[Stored data entries]
-*-

lemma changemaker_eq_1_below_first_gt_1:
  assumes "changemaker r \<sigma>" and "m \<le> r" and "\<forall>i. 1 < i \<and> i < m \<longrightarrow> \<not> (\<sigma> i > 1)"
    and "1 \<le> j" and "j < m"
  shows "\<sigma> j = 1"
proof -
  have "1 \<le> \<sigma> j" using changemaker_pos[OF assms(1)] assms(2,4,5) by simp
  moreover have "\<sigma> j \<le> 1"
  proof (cases "j = 1")
    case True
    with assms(1) show ?thesis by (simp add: changemaker_def)
  next
    case False
    with assms(3-5) show ?thesis by (simp add: not_less)
  qed
  ultimately show ?thesis by simp
qed

lemma changemaker_subset_sum:
  assumes "changemaker r \<sigma>" and "n \<le> r" and "0 \<le> N" and "N \<le> (\<Sum>j=1..n. \<sigma> j)"
  shows "\<exists>U \<subseteq> {1..n}. sum \<sigma> U = N"
  using assms(2-)
proof (induction n arbitrary: N)
  case 0
  then show ?case by auto
next
  case (Suc n)
  show ?case
  proof (cases "N \<le> (\<Sum>j=1..n. \<sigma> j)")
    case True
    with Suc obtain U where "U \<subseteq> {1..n}" "sum \<sigma> U = N" by auto
    then show ?thesis by (intro exI[of _ U]) auto
  next
    case False
    have "\<sigma> (Suc n) \<le> 1 + (\<Sum>j=1..n. \<sigma> j)"
      using changemaker_le_Suc_sum[OF assms(1), of "Suc n"] Suc.prems by simp
    with False Suc.prems obtain U where U: "U \<subseteq> {1..n}" "sum \<sigma> U = N - \<sigma> (Suc n)"
      using Suc.IH[of "N - \<sigma> (Suc n)"] by (auto simp: sum.cl_ivl_Suc)
    then have "sum \<sigma> (insert (Suc n) U) = N"
      by (subst sum.insert) (auto intro: finite_subset)
    with U show ?thesis by (intro exI[of _ "insert (Suc n) U"]) auto
  qed
qed

lemma orth_lattice_uminus:
  "z \<in> orth_lattice r \<sigma> \<Longrightarrow> (\<lambda>i. - z i) \<in> orth_lattice r \<sigma>"
  unfolding orth_lattice_def zvec_def pair_def by (auto simp: sum_negf)

lemma irreducible_in_orth_lattice_uminus:
  assumes "irreducible_in r (orth_lattice r \<sigma>) z"
  shows "irreducible_in r (orth_lattice r \<sigma>) (\<lambda>i. - z i)"
proof -
  have "pair r x y \<le> -1"
    if "x \<in> orth_lattice r \<sigma>" "y \<in> orth_lattice r \<sigma>" "x \<noteq> (\<lambda>_. 0)" "y \<noteq> (\<lambda>_. 0)"
      and "(\<lambda>i. - z i) = (\<lambda>i. x i + y i)" for x y
  proof -
    have "(\<lambda>i. - x i) \<noteq> (\<lambda>_. 0)" "(\<lambda>i. - y i) \<noteq> (\<lambda>_. 0)"
      using that(3,4) by (auto simp: fun_eq_iff)
    moreover have "z = (\<lambda>i. - x i + - y i)"
    proof
      fix i
      show "z i = - x i + - y i" using fun_cong[OF that(5), of i] by simp
    qed
    ultimately have "pair r (\<lambda>i. - x i) (\<lambda>i. - y i) \<le> -1"
      using assms orth_lattice_uminus[OF that(1)] orth_lattice_uminus[OF that(2)]
      unfolding irreducible_in_def by blast
    then show ?thesis unfolding pair_def by simp
  qed
  with assms orth_lattice_uminus show ?thesis
    unfolding irreducible_in_def fun_eq_iff by auto
qed

lemma not_irreducible_if_pair_diff_nonneg:
  assumes x: "x \<in> orth_lattice r \<sigma>" and z: "z \<in> orth_lattice r \<sigma>"
    and "x \<noteq> (\<lambda>_. 0)" and "x \<noteq> z" and "0 \<le> pair r x (\<lambda>i. z i - x i)"
  shows "\<not> irreducible_in r (orth_lattice r \<sigma>) z"
proof
  define y where "y = (\<lambda>i. z i - x i)"
  have "y \<in> orth_lattice r \<sigma>"
    using x z unfolding orth_lattice_def zvec_def pair_def y_def
    by (simp add: left_diff_distrib sum_subtractf)
  moreover have "y \<noteq> (\<lambda>_. 0)" "z = (\<lambda>i. x i + y i)"
    using \<open>x \<noteq> z\<close> by (force simp: y_def fun_eq_iff)+
  moreover assume "irreducible_in r (orth_lattice r \<sigma>) z"
  ultimately have "pair r x y \<le> -1"
    using x \<open>x \<noteq> (\<lambda>_. 0)\<close> unfolding irreducible_in_def by blast
  with assms(5) show False by (simp add: y_def)
qed

lemma not_irreducible_if_termwise_bound:
  assumes "x \<in> orth_lattice r \<sigma>" and "z \<in> orth_lattice r \<sigma>"
    and "x \<noteq> (\<lambda>_. 0)" and "x \<noteq> z"
    and "\<And>j. h j \<le> x j * (z j - x j)" and "0 \<le> (\<Sum>j=1..r. h j)"
  shows "\<not> irreducible_in r (orth_lattice r \<sigma>) z"
proof (rule not_irreducible_if_pair_diff_nonneg[OF assms(1-4)])
  have "(\<Sum>j=1..r. h j) \<le> pair r x (\<lambda>i. z i - x i)"
    unfolding pair_def using assms(5) by (intro sum_mono)
  with assms(6) show "0 \<le> pair r x (\<lambda>i. z i - x i)" by linarith
qed

lemma orth_lattice_has_neg_coord:
  assumes "\<forall>j\<in>{1..r}. 0 < \<sigma> j" and z: "z \<in> orth_lattice r \<sigma>" and "0 < z k"
  shows "\<exists>j\<in>{1..r}. z j < 0"
proof (rule ccontr)
  assume no_neg: "\<not> ?thesis"
  have "k \<in> {1..r}" using z \<open>0 < z k\<close> unfolding orth_lattice_def zvec_def by force
  then have "0 < (\<Sum>j=1..r. z j * \<sigma> j)"
    using assms no_neg by (intro sum_pos2[of _ k]) (auto simp: not_less less_imp_le)
  with z show False unfolding orth_lattice_def pair_def by simp
qed

locale changemaker_jump =
  fixes r m :: nat and \<sigma> :: "nat \<Rightarrow> int"
  assumes changemaker: "changemaker r \<sigma>"
    and one_less_m: "1 < m" and m_le_r: "m \<le> r" and jump: "1 < \<sigma> m"
    and below_jump: "\<And>j. 1 \<le> j \<Longrightarrow> j < m \<Longrightarrow> \<sigma> j = 1"
begin

lemma sum_below_jump:
  assumes "S \<subseteq> {1..<m}"
  shows "sum \<sigma> S = int (card S)"
  using assms below_jump by (subst sum.cong[of S S \<sigma> "\<lambda>_. 1"]) auto

lemma jump_le_m: "\<sigma> m \<le> int m"
proof -
  have "{1..m-1} \<subseteq> {1..<m}" by auto
  then have "(\<Sum>j=1..m-1. \<sigma> j) = int m - 1"
    using sum_below_jump one_less_m by simp
  then show ?thesis
    using changemaker_le_Suc_sum[OF changemaker, of m] one_less_m m_le_r by simp
qed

-*-

What needs to be done →
Repeat every record, keeping each line exactly as it is.

Answer to the exercise →
lemma changemaker_eq_1_below_first_gt_1:
  assumes "changemaker r \<sigma>" and "m \<le> r" and "\<forall>i. 1 < i \<and> i < m \<longrightarrow> \<not> (\<sigma> i > 1)"
    and "1 \<le> j" and "j < m"
  shows "\<sigma> j = 1"
proof -
  have "1 \<le> \<sigma> j" using changemaker_pos[OF assms(1)] assms(2,4,5) by simp
  moreover have "\<sigma> j \<le> 1"
  proof (cases "j = 1")
    case True
    with assms(1) show ?thesis by (simp add: changemaker_def)
  next
    case False
    with assms(3-5) show ?thesis by (simp add: not_less)
  qed
  ultimately show ?thesis by simp
qed

lemma changemaker_subset_sum:
  assumes "changemaker r \<sigma>" and "n \<le> r" and "0 \<le> N" and "N \<le> (\<Sum>j=1..n. \<sigma> j)"
  shows "\<exists>U \<subseteq> {1..n}. sum \<sigma> U = N"
  using assms(2-)
proof (induction n arbitrary: N)
  case 0
  then show ?case by auto
next
  case (Suc n)
  show ?case
  proof (cases "N \<le> (\<Sum>j=1..n. \<sigma> j)")
    case True
    with Suc obtain U where "U \<subseteq> {1..n}" "sum \<sigma> U = N" by auto
    then show ?thesis by (intro exI[of _ U]) auto
  next
    case False
    have "\<sigma> (Suc n) \<le> 1 + (\<Sum>j=1..n. \<sigma> j)"
      using changemaker_le_Suc_sum[OF assms(1), of "Suc n"] Suc.prems by simp
    with False Suc.prems obtain U where U: "U \<subseteq> {1..n}" "sum \<sigma> U = N - \<sigma> (Suc n)"
      using Suc.IH[of "N - \<sigma> (Suc n)"] by (auto simp: sum.cl_ivl_Suc)
    then have "sum \<sigma> (insert (Suc n) U) = N"
      by (subst sum.insert) (auto intro: finite_subset)
    with U show ?thesis by (intro exI[of _ "insert (Suc n) U"]) auto
  qed
qed

lemma orth_lattice_uminus:
  "z \<in> orth_lattice r \<sigma> \<Longrightarrow> (\<lambda>i. - z i) \<in> orth_lattice r \<sigma>"
  unfolding orth_lattice_def zvec_def pair_def by (auto simp: sum_negf)

lemma irreducible_in_orth_lattice_uminus:
  assumes "irreducible_in r (orth_lattice r \<sigma>) z"
  shows "irreducible_in r (orth_lattice r \<sigma>) (\<lambda>i. - z i)"
proof -
  have "pair r x y \<le> -1"
    if "x \<in> orth_lattice r \<sigma>" "y \<in> orth_lattice r \<sigma>" "x \<noteq> (\<lambda>_. 0)" "y \<noteq> (\<lambda>_. 0)"
      and "(\<lambda>i. - z i) = (\<lambda>i. x i + y i)" for x y
  proof -
    have "(\<lambda>i. - x i) \<noteq> (\<lambda>_. 0)" "(\<lambda>i. - y i) \<noteq> (\<lambda>_. 0)"
      using that(3,4) by (auto simp: fun_eq_iff)
    moreover have "z = (\<lambda>i. - x i + - y i)"
    proof
      fix i
      show "z i = - x i + - y i" using fun_cong[OF that(5), of i] by simp
    qed
    ultimately have "pair r (\<lambda>i. - x i) (\<lambda>i. - y i) \<le> -1"
      using assms orth_lattice_uminus[OF that(1)] orth_lattice_uminus[OF that(2)]
      unfolding irreducible_in_def by blast
    then show ?thesis unfolding pair_def by simp
  qed
  with assms orth_lattice_uminus show ?thesis
    unfolding irreducible_in_def fun_eq_iff by auto
qed

lemma not_irreducible_if_pair_diff_nonneg:
  assumes x: "x \<in> orth_lattice r \<sigma>" and z: "z \<in> orth_lattice r \<sigma>"
    and "x \<noteq> (\<lambda>_. 0)" and "x \<noteq> z" and "0 \<le> pair r x (\<lambda>i. z i - x i)"
  shows "\<not> irreducible_in r (orth_lattice r \<sigma>) z"
proof
  define y where "y = (\<lambda>i. z i - x i)"
  have "y \<in> orth_lattice r \<sigma>"
    using x z unfolding orth_lattice_def zvec_def pair_def y_def
    by (simp add: left_diff_distrib sum_subtractf)
  moreover have "y \<noteq> (\<lambda>_. 0)" "z = (\<lambda>i. x i + y i)"
    using \<open>x \<noteq> z\<close> by (force simp: y_def fun_eq_iff)+
  moreover assume "irreducible_in r (orth_lattice r \<sigma>) z"
  ultimately have "pair r x y \<le> -1"
    using x \<open>x \<noteq> (\<lambda>_. 0)\<close> unfolding irreducible_in_def by blast
  with assms(5) show False by (simp add: y_def)
qed

lemma not_irreducible_if_termwise_bound:
  assumes "x \<in> orth_lattice r \<sigma>" and "z \<in> orth_lattice r \<sigma>"
    and "x \<noteq> (\<lambda>_. 0)" and "x \<noteq> z"
    and "\<And>j. h j \<le> x j * (z j - x j)" and "0 \<le> (\<Sum>j=1..r. h j)"
  shows "\<not> irreducible_in r (orth_lattice r \<sigma>) z"
proof (rule not_irreducible_if_pair_diff_nonneg[OF assms(1-4)])
  have "(\<Sum>j=1..r. h j) \<le> pair r x (\<lambda>i. z i - x i)"
    unfolding pair_def using assms(5) by (intro sum_mono)
  with assms(6) show "0 \<le> pair r x (\<lambda>i. z i - x i)" by linarith
qed

lemma orth_lattice_has_neg_coord:
  assumes "\<forall>j\<in>{1..r}. 0 < \<sigma> j" and z: "z \<in> orth_lattice r \<sigma>" and "0 < z k"
  shows "\<exists>j\<in>{1..r}. z j < 0"
proof (rule ccontr)
  assume no_neg: "\<not> ?thesis"
  have "k \<in> {1..r}" using z \<open>0 < z k\<close> unfolding orth_lattice_def zvec_def by force
  then have "0 < (\<Sum>j=1..r. z j * \<sigma> j)"
    using assms no_neg by (intro sum_pos2[of _ k]) (auto simp: not_less less_imp_le)
  with z show False unfolding orth_lattice_def pair_def by simp
qed

locale changemaker_jump =
  fixes r m :: nat and \<sigma> :: "nat \<Rightarrow> int"
  assumes changemaker: "changemaker r \<sigma>"
    and one_less_m: "1 < m" and m_le_r: "m \<le> r" and jump: "1 < \<sigma> m"
    and below_jump: "\<And>j. 1 \<le> j \<Longrightarrow> j < m \<Longrightarrow> \<sigma> j = 1"
begin

lemma sum_below_jump:
  assumes "S \<subseteq> {1..<m}"
  shows "sum \<sigma> S = int (card S)"
  using assms below_jump by (subst sum.cong[of S S \<sigma> "\<lambda>_. 1"]) auto

lemma jump_le_m: "\<sigma> m \<le> int m"
proof -
  have "{1..m-1} \<subseteq> {1..<m}" by auto
  then have "(\<Sum>j=1..m-1. \<sigma> j) = int m - 1"
    using sum_below_jump one_less_m by simp
  then show ?thesis
    using changemaker_le_Suc_sum[OF changemaker, of m] one_less_m m_le_r by simp
qed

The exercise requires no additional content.